-------- Data section --------

lemma has_real_derivative_primF_integral:
  assumes cont: "continuous_on UNIV f"
    and lin: "\<And>s. \<bar>s\<bar> \<le> 2 * m \<Longrightarrow> \<bar>f s\<bar> \<le> L * \<bar>s\<bar>" and "0 \<le> L"
    and [measurable]: "u \<in> borel_measurable lborel" "v \<in> borel_measurable lborel"
    and dominated: "\<And>x. \<bar>v x\<bar> \<le> \<bar>u x\<bar>" and vanishing: "\<And>x. m \<le> \<bar>u x\<bar> \<Longrightarrow> v x = 0"
    and "integrable lborel (\<lambda>x. (u x)^2)"
  shows "((\<lambda>t. \<integral>x. primF f (u x + t * v x) \<partial>lborel) has_real_derivative dFint f u v) (at 0)"
proof -
  have [measurable]: "f \<in> borel_measurable borel"
    using cont by (rule borel_measurable_continuous_onI)
  have "((\<lambda>t. \<integral>x. primF f (u x + t * v x) \<partial>lborel) has_real_derivative
     (if integrable lborel (\<lambda>x. primF f (u x + 0 * v x)) then \<integral>x. f (u x) * v x \<partial>lborel else 0)) (at 0)"
  proof (rule has_real_derivative_integral_or_zero[where g="\<lambda>x. 2 * L * (u x)^2" and C=0 and \<delta>=1])
    show "\<bar>primF f (u x + t * v x) - primF f (u x + 0 * v x)\<bar>
        \<le> \<bar>t\<bar> * (2 * L * (u x)^2 + 0 * \<bar>primF f (u x + 0 * v x)\<bar>)" if "\<bar>t\<bar> < 1" for t x
    proof (cases "m \<le> \<bar>u x\<bar>")
      case True
      then show ?thesis using vanishing[OF True] \<open>0 \<le> L\<close> by simp
    next
      case False
      have tv: "\<bar>t * v x\<bar> \<le> \<bar>u x\<bar>"
        using that dominated[of x] by (simp add: abs_mult mult_le_one order_trans[OF mult_left_le_one_le])
      have "\<bar>primF f (u x + t * v x) - primF f (u x)\<bar> \<le> L * (2 * \<bar>u x\<bar>) * \<bar>t * v x\<bar>"
        using primF_diff_le[OF cont _ \<open>0 \<le> L\<close>, of "2 * \<bar>u x\<bar>" "u x" "u x + t * v x"] lin False tv
        by auto
      also have "\<dots> \<le> L * (2 * \<bar>u x\<bar>) * (\<bar>t\<bar> * \<bar>u x\<bar>)"
        using dominated[of x] \<open>0 \<le> L\<close> by (intro mult_left_mono) (auto simp: abs_mult intro: mult_left_mono)
      also have "\<dots> = \<bar>t\<bar> * (2 * L * (u x)^2)"
        by (simp add: power2_eq_square algebra_simps)
      finally show ?thesis
        by simp
    qed
    show "((\<lambda>t. primF f (u x + t * v x)) has_real_derivative f (u x) * v x) (at 0)" for x
    proof -
      have "((\<lambda>t. primF f (u x + t * v x)) has_real_derivative f (u x + 0 * v x) * (0 + 1 * v x)) (at 0)"
        by (rule DERIV_chain2[OF has_real_derivative_primF[OF cont]]) (auto intro!: derivative_eq_intros)
      then show ?thesis
        by simp
    qed
  qed (use assms in auto)
  then show ?thesis
    by (simp add: dFint_def)
qed

definition Ifun_diff :: "(real \<Rightarrow> real) \<Rightarrow> (real \<Rightarrow> real) \<Rightarrow> (real \<Rightarrow> real) \<Rightarrow> real" where
  "Ifun_diff f u v = ((\<integral>z. 2 * diffquot u z * diffquot v z \<partial>lborel2) + (\<integral>x. 2 * u x * v x \<partial>lborel)) / 2
     + dV0 u v / 4 - dFint f u v"

lemma has_real_derivative_Ifun:
  assumes "continuous_on UNIV f"
    and "\<And>s. \<bar>s\<bar> \<le> 2 * m \<Longrightarrow> \<bar>f s\<bar> \<le> L * \<bar>s\<bar>" and "0 \<le> L"
    and u: "u \<in> H12" and v: "v \<in> H12"
    and "\<And>x. \<bar>v x\<bar> \<le> \<bar>u x\<bar>" and "\<And>x. m \<le> \<bar>u x\<bar> \<Longrightarrow> v x = 0"
  shows "((\<lambda>t. Ifun f (\<lambda>x. u x + t * v x)) has_real_derivative Ifun_diff f u v) (at 0)"
proof -
  have [measurable]: "u \<in> borel_measurable lborel" "v \<in> borel_measurable lborel"
    using u v by (auto dest: H12_measurable)
  note parts = has_real_derivative_gagliardo[OF u v] has_real_derivative_L2sq[OF u v]
    has_real_derivative_V0[of u v] has_real_derivative_primF_integral[of f m L u v]
  have "((\<lambda>t. (enn2real (gagliardo (\<lambda>x. u x + t * v x)) + enn2real (L2sq (\<lambda>x. u x + t * v x))) / 2
      + V0 (\<lambda>x. u x + t * v x) / 4 - (\<integral>x. primF f (u x + t * v x) \<partial>lborel)) has_real_derivative
      Ifun_diff f u v) (at 0)"
    unfolding Ifun_diff_def using assms H12_integrable_square[OF u]
    by (intro DERIV_diff DERIV_add DERIV_cdivide parts) auto
  then show ?thesis
    unfolding Ifun_def hnorm_sq .
qed

section \<open>Truncation\<close>

text \<open>The tent \<open>cutoff m\<close> is the identity on \<open>[-m, m]\<close> and vanishes for \<open>\<bar>s\<bar> \<ge> 2 m\<close>.
  Unlike a plain clamp it kills the region where \<open>u\<close> is large, about which \<open>f\<close> tells us nothing.\<close>
definition cutoff :: "real \<Rightarrow> real \<Rightarrow> real" where
  "cutoff m s = max 0 (min s (2*m - s)) + min 0 (max s (-2*m - s))"

lemma cutoff_abs_le: "0 \<le> m \<Longrightarrow> \<bar>cutoff m s\<bar> \<le> \<bar>s\<bar>"
  unfolding cutoff_def by (auto simp: max_def min_def)

lemma cutoff_lipschitz: "0 \<le> m \<Longrightarrow> \<bar>cutoff m a - cutoff m b\<bar> \<le> \<bar>a - b\<bar>"
  unfolding cutoff_def by (auto simp: max_def min_def)

lemma cutoff_eq_self: "\<bar>s\<bar> \<le> m \<Longrightarrow> cutoff m s = s"
  unfolding cutoff_def by (auto simp: max_def min_def)

lemma cutoff_eq_0: "0 \<le> m \<Longrightarrow> 2*m \<le> \<bar>s\<bar> \<Longrightarrow> cutoff m s = 0"
  unfolding cutoff_def by (auto simp: max_def min_def)

lemma cutoff_0 [simp]: "cutoff m 0 = 0"
  unfolding cutoff_def by (auto simp: max_def min_def)

lemma cutoff_same_sign: "0 \<le> m \<Longrightarrow> 0 \<le> s * cutoff m s"
  unfolding cutoff_def by (auto simp: max_def min_def zero_le_mult_iff)

lemma cutoff_measurable [measurable]: "cutoff m \<in> borel_measurable borel"
  unfolding cutoff_def by measurable

lemma eventually_cutoff_eq: "\<forall>\<^sub>F m in sequentially. cutoff (real m) s = s"
  using eventually_ge_at_top[of "nat \<lceil>\<bar>s\<bar>\<rceil>"]
  by eventually_elim (auto intro: cutoff_eq_self simp: le_nat_iff)

lemma f3_cutoff_bound:
  assumes "f3 f" and "0 \<le> M"
  shows "4 * (if \<bar>s\<bar> \<le> M then primF f s else 0) \<le> f s * cutoff M s"
proof (cases "s = 0")
  case False
  show ?thesis
  proof (cases "\<bar>s\<bar> \<le> M")
    case True
    then show ?thesis
      using f3_D(2)[OF assms(1) False] by (simp add: cutoff_eq_self)
  next
    case outside: False
    have "0 < f s * s"
      using f3_D[OF assms(1) False] by linarith
    moreover have "0 \<le> s * cutoff M s"
      using \<open>0 \<le> M\<close> by (rule cutoff_same_sign)
    ultimately have "0 \<le> f s * cutoff M s"
      using False by (auto simp: zero_less_mult_iff zero_le_mult_iff)
    with outside show ?thesis
      by simp
  qed
qed simp

definition truncation :: "nat \<Rightarrow> (real \<Rightarrow> real) \<Rightarrow> real \<Rightarrow> real" where
  "truncation m u x = cutoff (real m) (u x)"

lemma truncation_measurable [measurable]:
  "u \<in> borel_measurable M \<Longrightarrow> truncation m u \<in> borel_measurable M"
  unfolding truncation_def[abs_def] by measurable

lemma eventually_truncation_eq: "\<forall>\<^sub>F m in sequentially. truncation m u x = u x"
  unfolding truncation_def by (rule eventually_cutoff_eq)

lemma abs_truncation_le: "\<bar>truncation m u x\<bar> \<le> \<bar>u x\<bar>"
  unfolding truncation_def by (simp add: cutoff_abs_le)

lemma abs_truncation_diff_le: "\<bar>truncation m u x - truncation m u y\<bar> \<le> \<bar>u x - u y\<bar>"
  unfolding truncation_def by (simp add: cutoff_lipschitz)

lemma truncation_eq_0: "2 * real m \<le> \<bar>u x\<bar> \<Longrightarrow> truncation m u x = 0"
  unfolding truncation_def by (simp add: cutoff_eq_0)

lemma abs_diffquot_truncation_le: "\<bar>diffquot (truncation m u) z\<bar> \<le> \<bar>diffquot u z\<bar>"
  unfolding diffquot_def truncation_def abs_divide by (intro divide_right_mono cutoff_lipschitz) auto

lemma integrable_mult_truncation:
  assumes "continuous_on UNIV f" and "f2 f" and "f 0 = 0"
    and [measurable]: "u \<in> borel_measurable lborel" and "integrable lborel (\<lambda>x. (u x)^2)"
  shows "integrable lborel (\<lambda>x. f (u x) * truncation m u x)"
proof -
  have [measurable]: "f \<in> borel_measurable borel"
    using assms(1) by (rule borel_measurable_continuous_onI)
  obtain L where "0 \<le> L" and lin: "\<And>s. \<bar>s\<bar> \<le> 2 * real m \<Longrightarrow> \<bar>f s\<bar> \<le> L * \<bar>s\<bar>"
    using f2_linear_bound[OF assms(1-3)] by blast
  have bound: "\<bar>f (u x) * truncation m u x\<bar> \<le> L * (u x)^2" for x
  proof (cases "2 * real m \<le> \<bar>u x\<bar>")
    case True
    then show ?thesis
      using \<open>0 \<le> L\<close> by (simp add: truncation_eq_0)
  next
    case False
    then have "\<bar>f (u x)\<bar> * \<bar>truncation m u x\<bar> \<le> (L * \<bar>u x\<bar>) * \<bar>u x\<bar>"
      using lin[of "u x"] abs_truncation_le[of m u x] \<open>0 \<le> L\<close> by (intro mult_mono) auto
    then show ?thesis
      by (simp add: abs_mult power2_eq_square mult_ac)
  qed
  show ?thesis
  proof (rule Bochner_Integration.integrable_bound)
    show "integrable lborel (\<lambda>x. L * (u x)^2)"
      using assms(5) by simp
    show "(\<lambda>x. f (u x) * truncation m u x) \<in> borel_measurable lborel"
      by measurable
    show "AE x in lborel. norm (f (u x) * truncation m u x) \<le> norm (L * (u x)^2)"
      using bound \<open>0 \<le> L\<close> by (intro AE_I2) simp
  qed
qed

--------

▶ _Task_
Find each line of the data above that holds the word "rule", then copy it.

▶ _Expected answer_
    using cont by (rule borel_measurable_continuous_onI)
  proof (rule has_real_derivative_integral_or_zero[where g="\<lambda>x. 2 * L * (u x)^2" and C=0 and \<delta>=1])
        by (rule DERIV_chain2[OF has_real_derivative_primF[OF cont]]) (auto intro!: derivative_eq_intros)
      using \<open>0 \<le> M\<close> by (rule cutoff_same_sign)
  unfolding truncation_def by (rule eventually_cutoff_eq)
    using assms(1) by (rule borel_measurable_continuous_onI)
  proof (rule Bochner_Integration.integrable_bound)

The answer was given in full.